One challenge, for instance, is air traffic management, which becomes many times more complex when unmanned autonomous flying objects operate alongside conventional aircraft. “We simply still know too little about how systems based on probabilistic calculations behave when faced with extreme situations,” says Hella Bolck, a lecturer at the Centre for Artificial Intelligence (CAI) of the School of Engineering. “The systems need to be optimised in such a way that they function in all weather conditions and alongside other airspace users.” A key prerequisite for this is testing, testing, testing.

Testing infrastructure in Winterthur

The ZAV and CAI, together with the University of Zurich and the Zurich University of the Arts, have launched the LINA (Shared Large-scale Infrastructure for the Development and Safe Testing of Autonomous Systems) project. The aim is to build a versatile research and testing infrastructure for autonomous systems and physical AI, especially at the interface between aviation and AI. The initiative is being supported by the Digitalization Initiative of the Zurich Higher Education Institutions (DIZH). Industry partners such as Skyguide and Matternet are also contributing their expertise. The first site is already at an advanced stage: At the Hegmatten glider airfield in Winterthur, autonomous systems at any stage of maturity can be tested on an area spanning 700 by 30 metres.
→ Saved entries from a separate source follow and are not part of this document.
lemma independent_Un_Diff:
  assumes C: "independent C" "finite C" and D: "independent D" "finite D" "D \<subseteq> T"
    and T: "subspace T" and B: "B \<subseteq> D" "span C \<inter> T \<subseteq> span B"
  shows "independent (C \<union> (D - B)) \<and> card (C \<union> (D - B)) = card C + card (D - B)"
proof -
  \<comment> \<open>the \<open>span C\<close>-part of a vector of \<open>D \<inter> span (C \<union> E)\<close> lies in \<open>T\<close>, hence in \<open>span B\<close>\<close>
  have "independent (C \<union> E) \<and> card (C \<union> E) = card C + card E"
    if "finite E" "E \<subseteq> D - B" for E
    using that
  proof (induction E rule: finite_subset_induct')
    case empty
    then show ?case using C(1) by simp
  next
    case (insert d E)
    have "d \<notin> span (C \<union> E)"
    proof
      assume "d \<in> span (C \<union> E)"
      then obtain c e where ce: "d = c + e" "c \<in> span C" "e \<in> span E"
        by (auto simp: span_Un)
      have "E \<subseteq> T" using insert.hyps(3) D(3) by blast
      then have "e \<in> T" using ce(3) span_minimal[OF _ T] by blast
      moreover have "d \<in> T" using insert.hyps(2) D(3) by blast
      moreover have "c = d - e" using ce(1) by simp
      ultimately have "c \<in> T" using subspace_diff[OF T] by simp
      then have "c \<in> span (B \<union> E)" using ce(2) B(2) span_mono[of B "B \<union> E"] by blast
      moreover have "e \<in> span (B \<union> E)" using ce(3) span_mono[of E "B \<union> E"] by blast
      ultimately have "d \<in> span (B \<union> E)" using ce(1) span_add by simp
      moreover have "B \<union> E \<subseteq> D - {d}" using B(1) insert.hyps(2,3,4) by blast
      ultimately have "d \<in> span (D - {d})" using span_mono[of "B \<union> E" "D - {d}"] by blast
      then show False using D(1) insert.hyps(2) unfolding dependent_def by blast
    qed
    moreover from this have "d \<notin> C \<union> E" using span_superset[of "C \<union> E"] by blast
    ultimately show ?case
      using insert.IH independent_insertI[of d "C \<union> E"] C(2) insert.hyps(1) by simp
  qed
  from this[of "D - B"] show ?thesis using D(2) by simp
qed

lemma dim_add_dim_le_span_Un_Int:
  assumes S: "subspace S" and T: "subspace T"
    and fin: "finite F" "S \<subseteq> span F" "T \<subseteq> span F"
  shows "dim S + dim T \<le> dim (span (S \<union> T)) + dim (S \<inter> T)"
proof -
  obtain B where B: "B \<subseteq> S \<inter> T" "independent B" "S \<inter> T \<subseteq> span B" "card B = dim (S \<inter> T)"
    using basis_exists by blast
  obtain C where C: "C \<subseteq> S" "independent C" "S \<subseteq> span C" "card C = dim S"
    using basis_exists by blast
  obtain D where D: "B \<subseteq> D" "D \<subseteq> T" "independent D" "T \<subseteq> span D"
    using maximal_independent_subset_extend[of B T] B(1,2) by blast
  have "finite C"
    using independent_span_bound[OF fin(1) C(2)] C(1) fin(2) by blast
  have "finite D"
    using independent_span_bound[OF fin(1) D(3)] D(2) fin(3) by blast
  have "span C = S"
    using span_minimal[OF C(1) S] C(3) by (rule antisym)
  then have indep: "independent (C \<union> (D - B))"
    and card: "card (C \<union> (D - B)) = card C + card (D - B)"
    using independent_Un_Diff[OF C(2) \<open>finite C\<close> D(3) \<open>finite D\<close> D(2) T D(1)] B(3) by auto
  have "span (S \<union> T) \<subseteq> span F"
    using fin(2,3) span_minimal[of "S \<union> T" "span F"] by simp
  moreover have "C \<union> (D - B) \<subseteq> span (S \<union> T)"
    using C(1) D(2) span_superset[of "S \<union> T"] by blast
  ultimately have "card (C \<union> (D - B)) \<le> dim (span (S \<union> T))"
    using independent_card_le_dim_finite_span[OF indep _ _ fin(1)] by blast
  moreover have "dim T = card D" using D(2-4) basis_card_eq_dim by auto
  moreover have "card D = card (D - B) + card B"
    using \<open>finite D\<close> D(1) card_Diff_subset[of B D] card_mono[of D B] finite_subset[of B D] by simp
  ultimately show ?thesis using C(4) B(4) card by linarith
qed

lemma codim_Inter_le_sum_codim:
  assumes J: "finite J" "J \<noteq> {}"
    and W: "subspace W" "finite F" "W \<subseteq> span F"
    and U: "\<And>j. j \<in> J \<Longrightarrow> subspace (U j) \<and> U j \<subseteq> W"
  shows "int (dim W) - int (dim (\<Inter>j\<in>J. U j)) \<le> (\<Sum>j\<in>J. int (dim W) - int (dim (U j)))"
  using J U
proof (induction J rule: finite_ne_induct)
  case (singleton x)
  then show ?case by simp
next
  case (insert x J)
  define I where "I = (\<Inter>j\<in>J. U j)"
  have Ux: "subspace (U x)" "U x \<subseteq> W" using insert.prems by auto
  obtain j0 where "j0 \<in> J" using insert.hyps(2) by blast
  have I: "subspace I" "I \<subseteq> W"
    using insert.prems \<open>j0 \<in> J\<close> unfolding I_def by (blast intro: subspace_Int)+
  have "dim (U x) + dim I \<le> dim (span (U x \<union> I)) + dim (U x \<inter> I)"
    using dim_add_dim_le_span_Un_Int[OF Ux(1) I(1) W(2)] Ux(2) I(2) W(3) by blast
  moreover have "dim (span (U x \<union> I)) \<le> dim W"
    using dim_mono_finite_span[OF _ W(3,2)] span_minimal[of "U x \<union> I" W] Ux(2) I(2) W(1)
    by blast
  moreover have "int (dim W) - int (dim I) \<le> (\<Sum>j\<in>J. int (dim W) - int (dim (U j)))"
    using insert.IH insert.prems unfolding I_def by blast
  moreover have "(\<Inter>j\<in>insert x J. U j) = U x \<inter> I" by (simp add: I_def)
  ultimately show ?case using insert.hyps(1,3) by simp
qed

end

lemma sum_apply: "(\<Sum>x\<in>A. f x) i = (\<Sum>x\<in>A. f x i :: 'b::comm_monoid_add)"
  by (induction A rule: infinite_finite_induct) auto

definition coord_space :: "nat \<Rightarrow> (nat \<Rightarrow> 'a::field) set" where
  "coord_space k = {v. \<forall>i\<ge>k. v i = 0}"

lemma subspace_coord_space: "vs.subspace (coord_space k)"
  by (auto simp: vs.subspace_def coord_space_def fscale_def)

lemma coord_space_mono: "k \<le> m \<Longrightarrow> coord_space k \<subseteq> coord_space m"
  by (auto simp: coord_space_def)

lemma span_subset_coord_space:
  assumes "S \<subseteq> coord_space k"
  shows "fspan S \<subseteq> coord_space k"
  using assms subspace_coord_space by (rule vs.span_minimal)

lemma unitv_eq_iff: "unitv i = (unitv j :: nat \<Rightarrow> 'a::field) \<longleftrightarrow> i = j"
  by (auto simp: unitv_def fun_eq_iff)

lemma set_idrows: "set (idrows k) = unitv ` {..<k}"
  by (auto simp: idrows_def)

lemma module_hom_lincomb: "module_hom fscale fscale (lincomb (y :: (nat \<Rightarrow> 'a::field) list))"
  unfolding module_hom_iff
  by (auto simp: lincomb_def fscale_def fun_eq_iff algebra_simps sum.distrib sum_distrib_left
           intro: vs.module_axioms)

lemma lincomb_in_span: "lincomb y h \<in> fspan (set y)"
proof -
  have "lincomb y h = (\<Sum>i<length y. fscale (h i) (y ! i))"
    by (auto simp: lincomb_def fun_eq_iff sum_apply fscale_def)
  also have "\<dots> \<in> fspan (set y)"
    by (intro vs.span_sum vs.span_scale vs.span_base) auto
  finally show ?thesis .
qed

lemma lincomb_idrows: "v \<in> coord_space k \<Longrightarrow> lincomb (idrows k) v = v"
  by (auto simp: lincomb_def idrows_def unitv_def coord_space_def fun_eq_iff not_less
           if_distrib[of "\<lambda>x. _ * x"] cong: if_cong)

lemma span_unitv: "fspan (unitv ` {..<k}) = (coord_space k :: (nat \<Rightarrow> 'a::field) set)"
proof
  show "fspan (unitv ` {..<k}) \<subseteq> (coord_space k :: (nat \<Rightarrow> 'a) set)"
    by (rule span_subset_coord_space) (auto simp: coord_space_def unitv_def)
  show "coord_space k \<subseteq> fspan (unitv ` {..<k} :: (nat \<Rightarrow> 'a) set)"
    using lincomb_in_span[of "idrows k"] lincomb_idrows by (metis set_idrows subsetI)
qed

lemma coord_space_Int_span_unitv:
  "coord_space A \<inter> fspan (unitv ` {A..<B}) = ({0} :: (nat \<Rightarrow> 'a::field) set)"
proof -
  have below: "fspan (unitv ` {A..<B}) \<subseteq> {v :: nat \<Rightarrow> 'a. \<forall>i<A. v i = 0}"
    by (rule vs.span_minimal) (auto simp: unitv_def vs.subspace_def fscale_def)
  have "x = 0" if "x \<in> coord_space A" "x \<in> fspan (unitv ` {A..<B})" for x :: "nat \<Rightarrow> 'a"
  proof (rule ext)
    fix i
    show "x i = 0 i" using that below by (cases "i < A") (auto simp: coord_space_def)
  qed
  then show ?thesis
    using vs.span_zero by (auto simp: coord_space_def)
qed

lemma independent_Un_unitv:
  assumes "findep Y" "Y \<subseteq> coord_space A"
  shows "findep (Y \<union> unitv ` {A..<A + k})"
proof (induction k)
  case 0
  then show ?case using assms(1) by simp
next
  case (Suc k)
  have "Y \<union> unitv ` {A..<A + k} \<subseteq> coord_space (A + k)"
    using assms(2) coord_space_mono[of A "A + k"] by (auto simp: coord_space_def unitv_def)
  moreover have "unitv (A + k) \<notin> (coord_space (A + k) :: (nat \<Rightarrow> 'a) set)"
    by (simp add: coord_space_def unitv_def)
  ultimately have "unitv (A + k) \<notin> fspan (Y \<union> unitv ` {A..<A + k})"
    using span_subset_coord_space by blast
  moreover have "Y \<union> unitv ` {A..<A + Suc k} = insert (unitv (A + k)) (Y \<union> unitv ` {A..<A + k})"
    by (auto simp: atLeastLessThanSuc)
  ultimately show ?case using vs.independent_insertI[OF _ Suc.IH] by simp
qed

lemma dim_coord_space: "fdim (coord_space k :: (nat \<Rightarrow> 'a::field) set) = k"
proof -
  have indep: "findep (unitv ` {..<k} :: (nat \<Rightarrow> 'a) set)"
    using independent_Un_unitv[of "{}" 0 k] by (simp add: atLeast0LessThan vs.independent_empty)
  have "fdim (coord_space k :: (nat \<Rightarrow> 'a) set) = fdim (fspan (unitv ` {..<k} :: (nat \<Rightarrow> 'a) set))"
    by (simp only: span_unitv)
  also have "\<dots> = card (unitv ` {..<k} :: (nat \<Rightarrow> 'a) set)"
    using indep by (rule vs.dim_span_eq_card_independent)
  also have "\<dots> = k"
    by (simp add: card_image inj_on_def unitv_eq_iff)
  finally show ?thesis .
qed

lemma lincomb_unitv:
  assumes "i < length y"
  shows "lincomb y (unitv i) = y ! i"
proof
  fix m
  have "(\<Sum>k<length y. unitv i k * (y ! k) m) = (\<Sum>k<length y. if k = i then (y ! k) m else 0)"
    by (intro sum.cong) (auto simp: unitv_def)
  then show "lincomb y (unitv i) m = (y ! i) m"
    using assms by (simp add: lincomb_def)
qed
For Guillaume, the test site represents a long-overdue opportunity for academic groups in Switzerland conducting research in this field as well as for manufacturers of autonomous systems. “It is crucial to bring together all the expertise required for the development, testing and authorisation of these systems in Europe. Without nearby testing infrastructure, there is also a risk that companies will relocate, for example to the US or Canada.” The further advancement of these systems not only involves technological questions, but also regulatory considerations. The test site should therefore also be understood as a scientific instrument that systematically generates the specialist knowledge required to shape new regulations. “We need the expertise of specialists in AI and aviation to take all aspects of integrating AI into account,” says Guillaume. “Thanks to its broad interdisciplinary set-up, the ZHAW is ideally suited to this task.”

«Testing beyond visual line of sight is essential for autonomous drones. For this, we require larger testing areas.»

Hella Bolck, lecturer at the Centre for Artificial Intelligence of the School of Engineering

A national point of contact

The aim of the project is not to develop its own drones. Instead, LINA is positioning itself as a national point of contact for testing and for all questions relating to the development of physical AI and robotic systems. For a system to become operational, many elements are required: in addition to a sound design, functioning AI components and flight testing, this also includes, for example, noise testing, environmental testing and integration with other systems in both air and ground operations. “We need efficient processes that are accepted by the authorities in order to enable us to test systems more quickly under real-life conditions and also to bring them to market,” explains Guillaume in summarising the purpose of LINA. In order to become a competence centre for all matters relating to autonomous systems, the project leads work closely with manufacturers, other universities and authorities, and also engage in PR work. Guillaume stresses that the importance of social acceptance should not be underestimated. Even the best technology is of no use if the drones are so loud that they lead to noise complaints. In addition, the team maintains an international network. As a testing centre in the heart of Europe it offers a great deal of potential to attract researchers and manufacturers from other countries.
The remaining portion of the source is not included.